** What to work on **
Only lines with the word "lies" are needed; collect each of them from the listing below.
☆ ☆ ☆ ☆ ☆
(* Let $W$ be a finite reflection group acting linearly on a Euclidean vector space $\mathbb{E}$, and let $Z\subseteq\mathbb{E}$ be a $W$-invariant convex polytope. For $v\in\mathbb{E}$ let $n=v-\mathrm{pr}_Z(v)$. Then every (closed) $W$-chamber that contains $v$ also contains $n$.
   Context: $\mathrm{pr}_Z$ is the nearest-point projection onto $Z$. The $W$-chambers are the closed simplicial cones cut out by the reflection hyperplanes of $W$. *)

theory Defs
  imports "HOL-Analysis.Analysis"
begin

definition reflection :: "'a::euclidean_space \<Rightarrow> 'a \<Rightarrow> 'a" where
  "reflection a = (\<lambda>x. x - (2 * (x \<bullet> a) / (a \<bullet> a)) *\<^sub>R a)"

text \<open>The group (under composition) generated by a set R of reflections.
  Since reflections are involutions, this is closed under inverses whenever finite.\<close>
inductive_set generated_by :: "('a \<Rightarrow> 'a) set \<Rightarrow> ('a \<Rightarrow> 'a) set" for R where
  gen_id: "id \<in> generated_by R"
| gen_step: "r \<in> R \<Longrightarrow> g \<in> generated_by R \<Longrightarrow> r \<circ> g \<in> generated_by R"

definition finite_reflection_group :: "('a::euclidean_space \<Rightarrow> 'a) set \<Rightarrow> bool" where
  "finite_reflection_group W \<longleftrightarrow> finite W \<and>
     (\<exists>R. (\<forall>r\<in>R. \<exists>a. a \<noteq> 0 \<and> r = reflection a) \<and> W = generated_by R)"

definition reflection_hyperplanes :: "('a::euclidean_space \<Rightarrow> 'a) set \<Rightarrow> 'a set set" where
  "reflection_hyperplanes W = {{x. x \<bullet> a = 0} | a. a \<noteq> 0 \<and> reflection a \<in> W}"

definition chambers :: "('a::euclidean_space \<Rightarrow> 'a) set \<Rightarrow> 'a set set" where
  "chambers W = closure ` components (UNIV - \<Union>(reflection_hyperplanes W))"

end

theory Submission
  imports Defs
begin

(* Call a \<noteq> 0 a root of W if the reflection s_a lies in W.  Fix a point k in
   the open chamber whose closure is C.  Connectedness and convexity show that the open
   chamber is exactly the open cone {y. (y\<bullet>a)(k\<bullet>a) > 0 for every root a}, so its closure C
   is the closed cone {y. (y\<bullet>a)(k\<bullet>a) \<ge> 0 for every root a}; no finiteness is needed here.
   Membership of n = v - pr_Z v in C is therefore a statement about one root at a time.
   For a root a, the point p = pr_Z v has its mirror image s_a p in Z.  The variational
   inequality of the nearest-point projection then gives (p\<bullet>a)(n\<bullet>a) \<ge> 0: p and n never lie
   strictly on opposite sides of a-perp.  Since v\<bullet>a = p\<bullet>a + n\<bullet>a and v lies on the same side
   as k, a short sign argument puts n on that side as well. *)

definition roots :: "('a::euclidean_space \<Rightarrow> 'a) set \<Rightarrow> 'a set" where
  "roots W = {a. a \<noteq> 0 \<and> reflection a \<in> W}"

lemma mem_hyperplane_complement_iff:
  "z \<in> UNIV - \<Union>(reflection_hyperplanes W) \<longleftrightarrow> (\<forall>a\<in>roots W. z \<bullet> a \<noteq> 0)"
  unfolding reflection_hyperplanes_def roots_def by auto

text \<open>Inside one component of the hyperplane complement, every root has constant sign,
  since a connected set meeting both sides of a hyperplane meets the hyperplane.\<close>
lemma component_same_side:
  assumes K: "K \<in> components (UNIV - \<Union>(reflection_hyperplanes W))"
    and "x \<in> K" "k \<in> K" "a \<in> roots W"
  shows "0 < (x \<bullet> a) * (k \<bullet> a)"
proof (rule ccontr)
  assume "\<not> ?thesis"
  hence "x \<bullet> a \<le> 0 \<and> 0 \<le> k \<bullet> a \<or> k \<bullet> a \<le> 0 \<and> 0 \<le> x \<bullet> a"
    by (smt (verit) mult_neg_neg mult_pos_pos)
  then obtain z where "z \<in> K" "a \<bullet> z = 0"
    using connected_ivt_hyperplane[OF in_components_connected[OF K] \<open>x \<in> K\<close> \<open>k \<in> K\<close>, of a 0]
      connected_ivt_hyperplane[OF in_components_connected[OF K] \<open>k \<in> K\<close> \<open>x \<in> K\<close>, of a 0]
    by (auto simp: inner_commute)
  hence "z \<in> UNIV - \<Union>(reflection_hyperplanes W)" "z \<bullet> a = 0"
    using in_components_subset[OF K] by (auto simp: inner_commute)
  with \<open>a \<in> roots W\<close> show False by (simp only: mem_hyperplane_complement_iff)
qed

lemma convex_sign_cone: "convex {y. \<forall>a\<in>A. 0 < (y \<bullet> a) * (k \<bullet> a)}"
proof -
  have cone: "{y. \<forall>a\<in>A. 0 < (y \<bullet> a) * (k \<bullet> a)} = (\<Inter>a\<in>A. {y. 0 < ((k \<bullet> a) *\<^sub>R a) \<bullet> y})"
    by (auto simp: inner_commute mult.commute)
  show ?thesis unfolding cone by (intro convex_INT ballI convex_halfspace_gt)
qed

lemma component_eq_sign_cone:
  assumes K: "K \<in> components (UNIV - \<Union>(reflection_hyperplanes W))" and "k \<in> K"
  shows "K = {y. \<forall>a\<in>roots W. 0 < (y \<bullet> a) * (k \<bullet> a)}"
    (is "K = ?cone")
proof
  show "K \<subseteq> ?cone" using component_same_side[OF K _ \<open>k \<in> K\<close>] by blast
next
  have "k \<in> ?cone" using component_same_side[OF K \<open>k \<in> K\<close> \<open>k \<in> K\<close>] by blast
  moreover have "?cone \<subseteq> UNIV - \<Union>(reflection_hyperplanes W)"
  proof
    fix y assume "y \<in> ?cone"
    hence "\<forall>a\<in>roots W. y \<bullet> a \<noteq> 0" by fastforce
    thus "y \<in> UNIV - \<Union>(reflection_hyperplanes W)" by (simp only: mem_hyperplane_complement_iff)
  qed
  ultimately show "?cone \<subseteq> K"
    using components_maximal[OF K convex_connected[OF convex_sign_cone]] \<open>k \<in> K\<close> by blast
qed

text \<open>The closure of the open sign cone is the closed sign cone, provided k itself lies
  off all the hyperplanes: a point y of the closed cone is the limit of y + t k, t \<rightarrow> 0+.\<close>
lemma closure_sign_cone:
  fixes k :: "'a::euclidean_space"
  assumes k: "\<forall>a\<in>A. k \<bullet> a \<noteq> 0"
  shows "closure {y. \<forall>a\<in>A. 0 < (y \<bullet> a) * (k \<bullet> a)} = {y. \<forall>a\<in>A. 0 \<le> (y \<bullet> a) * (k \<bullet> a)}"
    (is "closure ?open = ?closed")
proof
  have cone: "?closed = (\<Inter>a\<in>A. {y. 0 \<le> ((k \<bullet> a) *\<^sub>R a) \<bullet> y})"
    by (auto simp: inner_commute mult.commute)
  have "closed ?closed" unfolding cone by (intro closed_INT ballI closed_halfspace_ge)
  moreover have "?open \<subseteq> ?closed" by (auto simp: less_imp_le)
  ultimately show "closure ?open \<subseteq> ?closed" by (simp add: closure_minimal)
next
  show "?closed \<subseteq> closure ?open"
  proof
    fix y assume y: "y \<in> ?closed"
    have shifted: "y + t *\<^sub>R k \<in> ?open" if "t > 0" for t
    proof (intro CollectI ballI)
      fix a assume "a \<in> A"
      have "0 < t * ((k \<bullet> a) * (k \<bullet> a))"
        using k \<open>a \<in> A\<close> \<open>t > 0\<close> not_real_square_gt_zero by (blast intro: mult_pos_pos)
      moreover have "0 \<le> (y \<bullet> a) * (k \<bullet> a)" using y \<open>a \<in> A\<close> by blast
      ultimately show "0 < ((y + t *\<^sub>R k) \<bullet> a) * (k \<bullet> a)"
        by (simp add: inner_add_left distrib_right mult.assoc)
    qed
    have "(\<lambda>m. y + inverse (real (Suc m)) *\<^sub>R k) \<longlonglongrightarrow> y + 0 *\<^sub>R k"
      by (intro tendsto_intros LIMSEQ_inverse_real_of_nat)
    thus "y \<in> closure ?open"
      unfolding closure_sequential using shifted
      by (intro exI[of _ "\<lambda>m. y + inverse (real (Suc m)) *\<^sub>R k"]) auto
  qed
qed

lemma chamber_eq_sign_cone:
  assumes "C \<in> chambers W"
  obtains k where "\<forall>a\<in>roots W. k \<bullet> a \<noteq> 0"
    and "C = {y. \<forall>a\<in>roots W. 0 \<le> (y \<bullet> a) * (k \<bullet> a)}"
proof -
  obtain K where K: "K \<in> components (UNIV - \<Union>(reflection_hyperplanes W))"
    and C: "C = closure K"
    using assms unfolding chambers_def by blast
  obtain k where "k \<in> K" using in_components_nonempty[OF K] by blast
  hence "k \<in> UNIV - \<Union>(reflection_hyperplanes W)" using in_components_subset[OF K] by blast
  hence k: "\<forall>a\<in>roots W. k \<bullet> a \<noteq> 0" by (simp only: mem_hyperplane_complement_iff)
  show thesis
    using that[OF k] closure_sign_cone[OF k] component_eq_sign_cone[OF K \<open>k \<in> K\<close>] C by simp
qed

text \<open>If a closed convex set is symmetric under the reflection s_a, then a point and its
  nearest point p in the set never lie strictly on opposite sides of a-perp relative to p:
  testing the variational inequality at s_a p gives (p\<bullet>a)((v - p)\<bullet>a) \<ge> 0.\<close>
lemma closest_point_reflection_sign:
  fixes Z :: "'a::euclidean_space set"
  assumes "convex Z" "closed Z" "Z \<noteq> {}" "a \<noteq> 0" "reflection a ` Z = Z"
  shows "0 \<le> (closest_point Z v \<bullet> a) * ((v - closest_point Z v) \<bullet> a)"
proof -
  define p where "p = closest_point Z v"
  have "p \<in> Z" using closest_point_in_set[OF assms(2,3)] p_def by simp
  hence "reflection a p \<in> Z" using assms(5) by blast
  hence "(v - p) \<bullet> (reflection a p - p) \<le> 0"
    using closest_point_dot[OF assms(1,2)] p_def by blast
  hence "0 \<le> (2 * (p \<bullet> a) / (a \<bullet> a)) * ((v - p) \<bullet> a)"
    by (simp add: reflection_def inner_diff_right)
  moreover have "a \<bullet> a > 0" using assms(4) by simp
  ultimately have "0 \<le> (p \<bullet> a) * ((v - p) \<bullet> a) / (a \<bullet> a)"
    by (simp add: field_simps)
  with \<open>a \<bullet> a > 0\<close> show ?thesis unfolding p_def
    by (simp add: zero_le_divide_iff not_le[symmetric])
qed

lemma summand_sign:
  fixes P N T :: real
  assumes "0 \<le> (P + N) * T" "0 \<le> P * N" "T \<noteq> 0"
  shows "0 \<le> N * T"
proof (rule ccontr)
  assume "\<not> ?thesis"
  hence "N \<noteq> 0" "((P + N) * T) * (N * T) \<le> 0"
    using assms(1) by (auto simp: mult_nonneg_nonpos)
  moreover have "((P + N) * T) * (N * T) = (P * N + N * N) * (T * T)"
    by (simp add: algebra_simps)
  moreover have "0 < P * N + N * N" "0 < T * T"
    using \<open>N \<noteq> 0\<close> assms(2,3) not_real_square_gt_zero by (blast intro: add_nonneg_pos)+
  ultimately show False by (metis mult_pos_pos not_le)
qed

theorem mainTheorem18:
  fixes W :: "('a::euclidean_space \<Rightarrow> 'a) set" and Z :: "'a set" and v :: 'a
  assumes "finite_reflection_group W"
    and "polytope Z" and "Z \<noteq> {}"
    and "\<forall>w\<in>W. w ` Z = Z"
    and "C \<in> chambers W" and "v \<in> C"
  shows "v - closest_point Z v \<in> C"
proof -
  obtain k where k: "\<forall>a\<in>roots W. k \<bullet> a \<noteq> 0"
    and C: "C = {y. \<forall>a\<in>roots W. 0 \<le> (y \<bullet> a) * (k \<bullet> a)}"
    using chamber_eq_sign_cone[OF assms(5)] by blast
  define p where "p = closest_point Z v"
  have "0 \<le> ((v - p) \<bullet> a) * (k \<bullet> a)" if a: "a \<in> roots W" for a
  proof (rule summand_sign)
    have "a \<noteq> 0" "reflection a ` Z = Z" using a assms(4) by (auto simp: roots_def)
    thus "0 \<le> (p \<bullet> a) * ((v - p) \<bullet> a)"
      using closest_point_reflection_sign assms(2,3) polytope_imp_convex polytope_imp_closed
      unfolding p_def by blast
    show "0 \<le> (p \<bullet> a + (v - p) \<bullet> a) * (k \<bullet> a)"
      using assms(6) a unfolding C by (simp add: inner_diff_left)
    show "k \<bullet> a \<noteq> 0" using k a by blast
  qed
  thus ?thesis unfolding C p_def by blast
qed

end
☆ ☆ ☆ ☆ ☆
** Finished exercise **
(* Call a \<noteq> 0 a root of W if the reflection s_a lies in W.  Fix a point k in
   strictly on opposite sides of a-perp.  Since v\<bullet>a = p\<bullet>a + n\<bullet>a and v lies on the same side
text \<open>The closure of the open sign cone is the closed sign cone, provided k itself lies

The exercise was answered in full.